Теперь ощущение непреодолимости стремительно пропадало. Но сама эта перемена уже создавала тяжелый стресс. Его усугубляло еще и то, что я увидел дома: неустроенность, разруха и нищета тогдашней России невероятно резали глаз. В моей прежней жизни я их не замечал. Уезжая, я знал, что мама моя живет в средней, нормальной квартире, в среднем, нормальном доме. Но за почти одиннадцать лет моего отсутствия в России представление о «среднем» и «нормальном» у меня изменилось, и в мыслях своих я представлял весь московский быт несколько иначе.
Когда я подошел к своему дому, то испугался, что не узнаю его. Я понимал, что это мой дом и что другого здания там быть не должно, но передо мной возвышались какие-то жуткие трущобы, намного хуже, чем памятные мне гарлемские строения. Гарлем тоже трущобный район, дома там старые, облезлые, но зато повсюду вокруг яркие краски, лавки с овощами и фруктами, магазины всякого рода дешевых товаров и всевозможного скарба — в общем, постоянно кипит жизнь; а тут — мертвые трущобы, как будто в доме этом долгое время никто не жил. Склизкие стены, вонючие помойки, темные грязные подъезды и ужасно маленькие, тесные, хуже чем пуэрториканские, квартирки. Боже, как же люди могут так жить! Все время щемило сердце.

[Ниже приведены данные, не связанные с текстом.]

(* In the quantum cluster algebra $\mathcal{A}_q(B,\Lambda)$ of Kronecker type, for every $n\ge0$, $$x_{n+3}=x_1^{-n-1}x_2^{n+2}+\sum_{\substack{p,r\ge0\\ p+r\le n}}\begin{bmatrix}n-r\\ p\end{bmatrix}_q\begin{bmatrix}n+1-p\\ r\end{bmatrix}_q M[2p-n-1,\,2r-n,\,n+1-r,\,p].$$
   Context: Setup as follows. Based quantum torus: $\mathbb{Z}[q^{\pm1/2}]$-algebra with basis $M[a]$, $a\in\mathbb{Z}^4$, and $M[a]M[b]=q^{\frac12a^T\Lambda b}M[a+b]$, with $B=\begin{pmatrix}0&2\\-2&0\\1&0\\0&1\end{pmatrix}$, $\Lambda=\begin{pmatrix}0&0&-1&0\\0&0&0&-1\\1&0&0&-2\\0&1&2&0\end{pmatrix}$; $x_1=M[e_1],x_2=M[e_2],y_1=M[e_3],y_2=M[e_4]$. $\mathcal{A}_q(B,\Lambda)$ is the Berenstein–Zelevinsky quantum cluster algebra with this initial quantum seed; quantum mutation at $k$ replaces $x'_k$ by $M_{\Lambda'}[-e_k+\sum_{b'_{ik}>0}b'_{ik}e_i]+M_{\Lambda'}[-e_k-\sum_{b'_{ik}<0}b'_{ik}e_i]$. For $n\ge0$, $x_{n+3}$ is the quantum cluster variable produced at the $(n+1)$-st step of mutating the initial seed successively at $1,2,1,2,\dots$ (so $x_3=M[-1,2,0,0]+M[-1,0,1,0]$). Quantum integers and binomials: $[n]_q=\frac{q^{n/2}-q^{-n/2}}{q^{1/2}-q^{-1/2}}$, $[n]_q!=\prod_{k=1}^n[k]_q$, $\begin{bmatrix}n\\k\end{bmatrix}_q=\frac{[n]_q!}{[k]_q![n-k]_q!}\in\mathbb{Z}[q^{\pm1/2}]$. *)

theory Defs
  imports Main
begin

text \<open>Quantum seeds are realised inside an arbitrary division ring 'k containing the
based quantum torus.  A seed is a triple (X, B, L): the cluster
X :: nat => 'k (indices 0..3), the 4x2 exchange matrix B and the 4x4
quasi-commutation matrix L (all indices 0-based).  The element v plays the role of q^(1/2).\<close>

type_synonym 'k qseed = "(nat \<Rightarrow> 'k) \<times> (nat \<Rightarrow> nat \<Rightarrow> int) \<times> (nat \<Rightarrow> nat \<Rightarrow> int)"

definition B0 :: "nat \<Rightarrow> nat \<Rightarrow> int" where
  "B0 i j = (if i = 0 \<and> j = 1 then 2 else if i = 1 \<and> j = 0 then -2
             else if i = 2 \<and> j = 0 then 1 else if i = 3 \<and> j = 1 then 1 else 0)"

definition L0 :: "nat \<Rightarrow> nat \<Rightarrow> int" where
  "L0 i j = (if i = 0 \<and> j = 2 then -1 else if i = 1 \<and> j = 3 then -1
             else if i = 2 \<and> j = 0 then 1 else if i = 2 \<and> j = 3 then -2
             else if i = 3 \<and> j = 1 then 1 else if i = 3 \<and> j = 2 then 2 else 0)"

definition seedM :: "'k::division_ring \<Rightarrow> (nat \<Rightarrow> 'k) \<Rightarrow> (nat \<Rightarrow> nat \<Rightarrow> int) \<Rightarrow> (nat \<Rightarrow> int) \<Rightarrow> 'k" where
  "seedM v X L a =
     v powi (\<Sum>m<4. \<Sum>l<m. a l * a m * L m l)
     * (X 0 powi a 0) * (X 1 powi a 1) * (X 2 powi a 2) * (X 3 powi a 3)"

text \<open>Matrix E_epsilon of BZ (epsilon = +1) for mutation in direction k.\<close>
definition mutE :: "(nat \<Rightarrow> nat \<Rightarrow> int) \<Rightarrow> nat \<Rightarrow> nat \<Rightarrow> nat \<Rightarrow> int" where
  "mutE B k i j = (if j \<noteq> k then (if i = j then 1 else 0)
                   else if i = k then -1 else max 0 (- B i k))"

definition mutB :: "nat \<Rightarrow> (nat \<Rightarrow> nat \<Rightarrow> int) \<Rightarrow> nat \<Rightarrow> nat \<Rightarrow> int" where
  "mutB k B i j = (if i = k \<or> j = k then - B i j
                   else B i j + (\<bar>B i k\<bar> * B k j + B i k * \<bar>B k j\<bar>) div 2)"

definition mutL :: "(nat \<Rightarrow> nat \<Rightarrow> int) \<Rightarrow> nat \<Rightarrow> (nat \<Rightarrow> nat \<Rightarrow> int) \<Rightarrow> nat \<Rightarrow> nat \<Rightarrow> int" where
  "mutL B k L i j = (\<Sum>a<4. \<Sum>b<4. mutE B k a i * L a b * mutE B k b j)"

definition mutate :: "'k::division_ring \<Rightarrow> nat \<Rightarrow> 'k qseed \<Rightarrow> 'k qseed" where
  "mutate v k S = (case S of (X, B, L) \<Rightarrow>
     ((\<lambda>i. if i = k then
              seedM v X L (\<lambda>i. (if i = k then -1 else 0) + max 0 (B i k))
            + seedM v X L (\<lambda>i. (if i = k then -1 else 0) + max 0 (- B i k))
            else X i),
      mutB k B, mutL B k L))"

text \<open>Seeds obtained from the initial seed by mutating at 1,2,1,2,... (0-based: 0,1,0,1,...).
  Mk is the embedding of the based quantum torus basis M[a1,a2,a3,a4].\<close>
primrec kseed :: "'k::division_ring \<Rightarrow> (int \<Rightarrow> int \<Rightarrow> int \<Rightarrow> int \<Rightarrow> 'k) \<Rightarrow> nat \<Rightarrow> 'k qseed" where
  "kseed v Mk 0 = ((\<lambda>i. if i = 0 then Mk 1 0 0 0 else if i = 1 then Mk 0 1 0 0
                         else if i = 2 then Mk 0 0 1 0 else Mk 0 0 0 1), B0, L0)"
| "kseed v Mk (Suc n) = mutate v (n mod 2) (kseed v Mk n)"

text \<open>x_{n+3} = new cluster variable produced at the (n+1)-st mutation.\<close>
definition kron_x :: "'k::division_ring \<Rightarrow> (int \<Rightarrow> int \<Rightarrow> int \<Rightarrow> int \<Rightarrow> 'k) \<Rightarrow> nat \<Rightarrow> 'k" where
  "kron_x v Mk m = fst (kseed v Mk (m - 2)) ((m - 3) mod 2)"

definition qint :: "'k::division_ring \<Rightarrow> nat \<Rightarrow> 'k" where
  "qint v n = (v ^ n - inverse v ^ n) / (v - inverse v)"

primrec qfact :: "'k::division_ring \<Rightarrow> nat \<Rightarrow> 'k" where
  "qfact v 0 = 1"
| "qfact v (Suc n) = qfact v n * qint v (Suc n)"

definition qbinom :: "'k::division_ring \<Rightarrow> nat \<Rightarrow> nat \<Rightarrow> 'k" where
  "qbinom v n k = qfact v n / (qfact v k * qfact v (n - k))"

definition lamform :: "int \<Rightarrow> int \<Rightarrow> int \<Rightarrow> int \<Rightarrow> int \<Rightarrow> int \<Rightarrow> int \<Rightarrow> int \<Rightarrow> int" where
  "lamform a1 a2 a3 a4 b1 b2 b3 b4 =
     (let a = [a1,a2,a3,a4]; b = [b1,b2,b3,b4] in
      (\<Sum>i<4. \<Sum>j<4. a ! i * L0 i j * b ! j))"

text \<open>Mk embeds the based quantum torus A_q(B,Lambda)-ambient torus into the division ring:
  product rule, unit, and Z[v^{+-1}]-linear independence of the basis (injectivity).\<close>
definition torus_embedding :: "'k::division_ring \<Rightarrow> (int \<Rightarrow> int \<Rightarrow> int \<Rightarrow> int \<Rightarrow> 'k) \<Rightarrow> bool" where
  "torus_embedding v Mk \<longleftrightarrow>
     (\<forall>z. v * z = z * v) \<and>
     Mk 0 0 0 0 = 1 \<and>
     (\<forall>a1 a2 a3 a4 b1 b2 b3 b4.
        Mk a1 a2 a3 a4 * Mk b1 b2 b3 b4
          = v powi (lamform a1 a2 a3 a4 b1 b2 b3 b4) * Mk (a1+b1) (a2+b2) (a3+b3) (a4+b4)) \<and>
     (\<forall>(S :: (int \<times> int \<times> int \<times> int \<times> int) set) (c :: int \<times> int \<times> int \<times> int \<times> int \<Rightarrow> int).
        finite S \<longrightarrow>
        (\<Sum>(j, a1, a2, a3, a4) \<in> S. of_int (c (j, a1, a2, a3, a4)) * v powi j * Mk a1 a2 a3 a4) = 0
        \<longrightarrow> (\<forall>s\<in>S. c s = 0))"

end

theory Submission
  imports Defs "HOL-Library.Product_Plus"
begin

text \<open>Write \<open>X\<^sub>N\<close> for \<open>x\<^sub>N\<^sub>+\<^sub>3\<close>, so that \<open>X\<^sub>-\<^sub>2 = x\<^sub>1\<close> and \<open>X\<^sub>-\<^sub>1 = x\<^sub>2\<close>. The Laurent
  polynomials on the right-hand side, whose coefficients are products of two Gaussian binomials,
  satisfy the recurrences \<open>X\<^sub>N = Z X\<^sub>N\<^sub>-\<^sub>1 - W X\<^sub>N\<^sub>-\<^sub>2 = X\<^sub>N\<^sub>-\<^sub>1 Z - X\<^sub>N\<^sub>-\<^sub>2 W\<close> with
  \<open>Z = M[-1,1,0,0] + M[-1,-1,1,0] + M[1,-1,1,1]\<close> and \<open>W = M[0,0,1,1]\<close>: on coefficients this is the
  product of two q-Pascal rules. As \<open>W\<close> q-commutes with every \<open>X\<^sub>N\<close>, the recurrences give by
  induction the quantum exchange relations
  \<open>X\<^sub>N X\<^sub>N\<^sub>+\<^sub>2 - X\<^sub>N\<^sub>+\<^sub>1\<^sup>2 = q\<^sup>-\<^sup>1\<^sup>/\<^sup>2 M[0,0,N+3,N+2]\<close> and
  \<open>X\<^sub>N\<^sub>+\<^sub>2 X\<^sub>N - X\<^sub>N\<^sub>+\<^sub>1\<^sup>2 = q\<^sup>1\<^sup>/\<^sup>2 M[0,0,N+3,N+2]\<close>. The seeds along the mutation sequence
  have closed forms, and in each of them the exchange relation of the next mutation is exactly
  one of these two, so the mutation replaces \<open>X\<^sub>s\<^sub>-\<^sub>2\<close> by \<open>X\<^sub>s\<close>.\<close>

section \<open>Noncommutative algebra\<close>

definition central :: "'a::ring_1 \<Rightarrow> bool" where
  "central z \<longleftrightarrow> (\<forall>x. z * x = x * z)"

lemma centralD: "central z \<Longrightarrow> z * x = x * z"
  by (simp add: central_def)

lemma central_left_commute: "central z \<Longrightarrow> x * (z * y) = z * (x * y)"
  by (metis centralD mult.assoc)

lemma central_0 [intro]: "central 0"
  and central_1 [intro]: "central 1"
  by (simp_all add: central_def)

lemma central_mult [intro]: "central a \<Longrightarrow> central b \<Longrightarrow> central (a * b)"
  unfolding central_def by (metis mult.assoc)

lemma central_add [intro]: "central a \<Longrightarrow> central b \<Longrightarrow> central (a + b)"
  unfolding central_def by (simp add: distrib_left distrib_right)

lemma central_diff [intro]: "central a \<Longrightarrow> central b \<Longrightarrow> central (a - b)"
  unfolding central_def by (simp add: left_diff_distrib right_diff_distrib)

lemma central_inverse [intro]:
  fixes a :: "'a::division_ring"
  assumes "central a"
  shows "central (inverse a)"
proof (cases "a = 0")
  case False
  have "inverse a * x = x * inverse a" for x
  proof -
    have "inverse a * x = inverse a * (x * a) * inverse a"
      using False by (simp add: mult.assoc)
    also have "\<dots> = inverse a * (a * x) * inverse a"
      using centralD[OF assms, of x] by simp
    finally show ?thesis
      using False by (simp flip: mult.assoc)
  qed
  then show ?thesis by (simp add: central_def)
qed auto

lemma central_power [intro]: "central a \<Longrightarrow> central (a ^ n)"
  by (induction n) auto

lemma central_power_int [intro]: "central (a::'a::division_ring) \<Longrightarrow> central (a powi n)"
  by (cases n rule: int_cases4) (auto simp: power_int_minus)

lemma inverse_twisted_commute:
  fixes x m c :: "'a::division_ring"
  assumes "x \<noteq> 0" and "central c" and "m * x = c * (x * m)"
  shows "inverse x * m = c * (m * inverse x)"
proof -
  have "inverse x * m = inverse x * (m * x) * inverse x"
    using assms(1) by (simp add: mult.assoc)
  also have "\<dots> = inverse x * (c * (x * m)) * inverse x"
    using assms(3) by simp
  also have "\<dots> = c * (inverse x * x * (m * inverse x))"
    using central_left_commute[OF assms(2)] by (simp add: mult.assoc)
  also have "\<dots> = c * (m * inverse x)"
    using assms(1) by simp
  finally show ?thesis .
qed

lemma three_term_det_rec:
  fixes X0 X1 X2 X3 Z W c :: "'a::ring"
  assumes "X3 = Z * X2 - W * X1" and "X2 = X1 * Z - X0 * W"
    and "X0 * W = c * (W * X0)" and "X1 * W = c * (W * X1)"
  shows "X1 * X3 - X2 * X2 = c * (W * (X0 * X2 - X1 * X1))"
proof -
  have square: "X2 * X2 = X1 * Z * X2 - X0 * W * X2"
    by (subst (1) assms(2)) (simp add: left_diff_distrib)
  have "X1 * X3 - X2 * X2 = X0 * W * X2 - X1 * W * X1"
    unfolding square assms(1) by (simp add: right_diff_distrib mult.assoc)
  also have "\<dots> = c * (W * (X0 * X2 - X1 * X1))"
    unfolding assms(3,4) by (simp add: right_diff_distrib mult.assoc)
  finally show ?thesis .
qed

lemma three_term_det_rec':
  fixes X0 X1 X2 X3 Z W c :: "'a::ring"
  assumes "X3 = X2 * Z - X1 * W" and "X2 = Z * X1 - W * X0"
    and "X2 * W = c * (W * X2)" and "X1 * W = c * (W * X1)"
  shows "X3 * X1 - X2 * X2 = c * (W * (X2 * X0 - X1 * X1))"
proof -
  have square: "X2 * X2 = X2 * Z * X1 - X2 * W * X0"
    by (subst (2) assms(2)) (simp add: right_diff_distrib mult.assoc)
  have "X3 * X1 - X2 * X2 = X2 * W * X0 - X1 * W * X1"
    unfolding square assms(1) by (simp add: left_diff_distrib mult.assoc)
  also have "\<dots> = c * (W * (X2 * X0 - X1 * X1))"
    unfolding assms(3,4) by (simp add: right_diff_distrib mult.assoc)
  finally show ?thesis .
qed

lemma twisted_commute_scale:
  assumes "central a" and "central \<mu>" and "M * Y = \<mu> * (Y * M)"
  shows "M * (a * Y) = \<mu> * (a * Y * M)"
proof -
  have "M * (a * Y) = a * (\<mu> * (Y * M))"
    using central_left_commute[OF assms(1)] assms(3) by metis
  also have "\<dots> = \<mu> * (a * Y * M)"
    using assms(2) by (simp add: central_left_commute mult.assoc)
  finally show ?thesis .
qed

lemma twisted_component_eq_0:
  fixes M :: "'a::division_ring" and Y \<mu> :: "'i \<Rightarrow> 'a"
  assumes "finite J" "i0 \<notin> J" "M \<noteq> 0"
    and "\<And>i. i \<in> insert i0 J \<Longrightarrow> central (\<mu> i)"
    and "\<And>i. i \<in> insert i0 J \<Longrightarrow> M * Y i = \<mu> i * (Y i * M)"
    and "\<And>i. i \<in> J \<Longrightarrow> \<mu> i \<noteq> \<mu> i0"
    and "(\<Sum>i\<in>insert i0 J. Y i) = 0"
  shows "Y i0 = 0"
  using assms
proof (induction J arbitrary: Y rule: finite_induct)
  case (insert j J)
  let ?I = "insert i0 (insert j J)"
  have "\<mu> i * Y i * M = M * Y i" if "i \<in> ?I" for i
    using insert.prems(4)[OF that] by (simp add: mult.assoc)
  then have "(\<Sum>i\<in>?I. \<mu> i * Y i) * M = (\<Sum>i\<in>?I. M * Y i)"
    unfolding sum_distrib_right by (rule sum.cong[OF refl])
  also have "\<dots> = M * (\<Sum>i\<in>?I. Y i)"
    by (simp add: sum_distrib_left)
  finally have "(\<Sum>i\<in>?I. \<mu> i * Y i) * M = M * (\<Sum>i\<in>?I. Y i)" .
  with \<open>M \<noteq> 0\<close> insert.prems(6) have "(\<Sum>i\<in>?I. \<mu> i * Y i) = 0"
    by simp
  moreover have "(\<Sum>i\<in>?I. \<mu> j * Y i) = 0"
    using insert.prems(6) by (simp flip: sum_distrib_left)
  ultimately have "(\<Sum>i\<in>?I. (\<mu> i - \<mu> j) * Y i) = 0"
    by (simp add: left_diff_distrib sum_subtractf)
  then have "(\<Sum>i\<in>insert i0 J. (\<mu> i - \<mu> j) * Y i) = 0"
    using insert.hyps insert.prems(1) by (simp add: insert_commute)
  moreover have "M * ((\<mu> i - \<mu> j) * Y i) = \<mu> i * ((\<mu> i - \<mu> j) * Y i * M)"
    if "i \<in> insert i0 J" for i
    using insert.prems(3,4) that by (intro twisted_commute_scale central_diff) auto
  ultimately have "(\<mu> i0 - \<mu> j) * Y i0 = 0"
    using insert.IH[of "\<lambda>i. (\<mu> i - \<mu> j) * Y i"] insert.prems by auto
  moreover have "\<mu> i0 - \<mu> j \<noteq> 0"
    using insert.prems(5)[of j] by auto
  ultimately show ?case
    by simp
qed simp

Но была и другая сразу бросившаяся в глаза перемена. Все-таки уезжал я из Советского Союза, где при виде милиционера лучше было сразу перейти на другую сторону улицы, а при беседе — постоянно оглядываться по сторонам. Телефонные переговоры также нужно было вести осторожно. Знающие люди даже советовали при откровенных разговорах в квартире накрывать телефон подушкой—ведь прослушку можно вести и при лежащей трубке. И вдруг этот всепроницающий страх пропал. Я увидел неожиданно прорвавшуюся сквозь все заслоны свободу, ощутил, что люди перестали бояться и говорят открыто, не оглядываясь по сторонам и не опасаясь телефона. И это было очень отрадное чувство. Можно сказать, что я вернулся в Москву с гораздо более советскими ощущениями, чем тогда были у людей, окружающих меня. Буквально за пару лет они это уже изжили.
* * *
Впрочем, конечно, не все. Когда я приехал в Москву год спустя—уже во второй раз (была осень 1988 года, и перестройка уже чувствовалась всеми и повсюду), то в первый и единственный раз зашел в свою школу. Дело в том, что в числе людей, благодаря которым пришел к вере, я часто вспоминал свою учительницу литературы, открывшую в свое время для меня Достоевского. Я вспоминал, с каким вдохновением она рассказывала о зарождении веры у писателя, и мечтал, как отыщу ее, поцелую ей руку, скажу, что я уже не такой непутевый, каким она воспринимала меня раньше, в годы моих хипповых экспериментов. Я пришел в школу, но ее там не застал. Зато столкнулся с учителем английского языка, которого я помнил вполне советским человеком. К моему удивлению, он чрезвычайно мне обрадовался, завел на школьное радио и записал со мной интервью на английском языке. Мы с ним очень хорошо пообщались. Он-то и дал мне домашний телефон той самой учительницы. Я позвонил ей тут же, из автомата напротив школы, и заорал в трубку:
— Здравствуйте, это Саша Дворкин, ваш ученик, помните такого?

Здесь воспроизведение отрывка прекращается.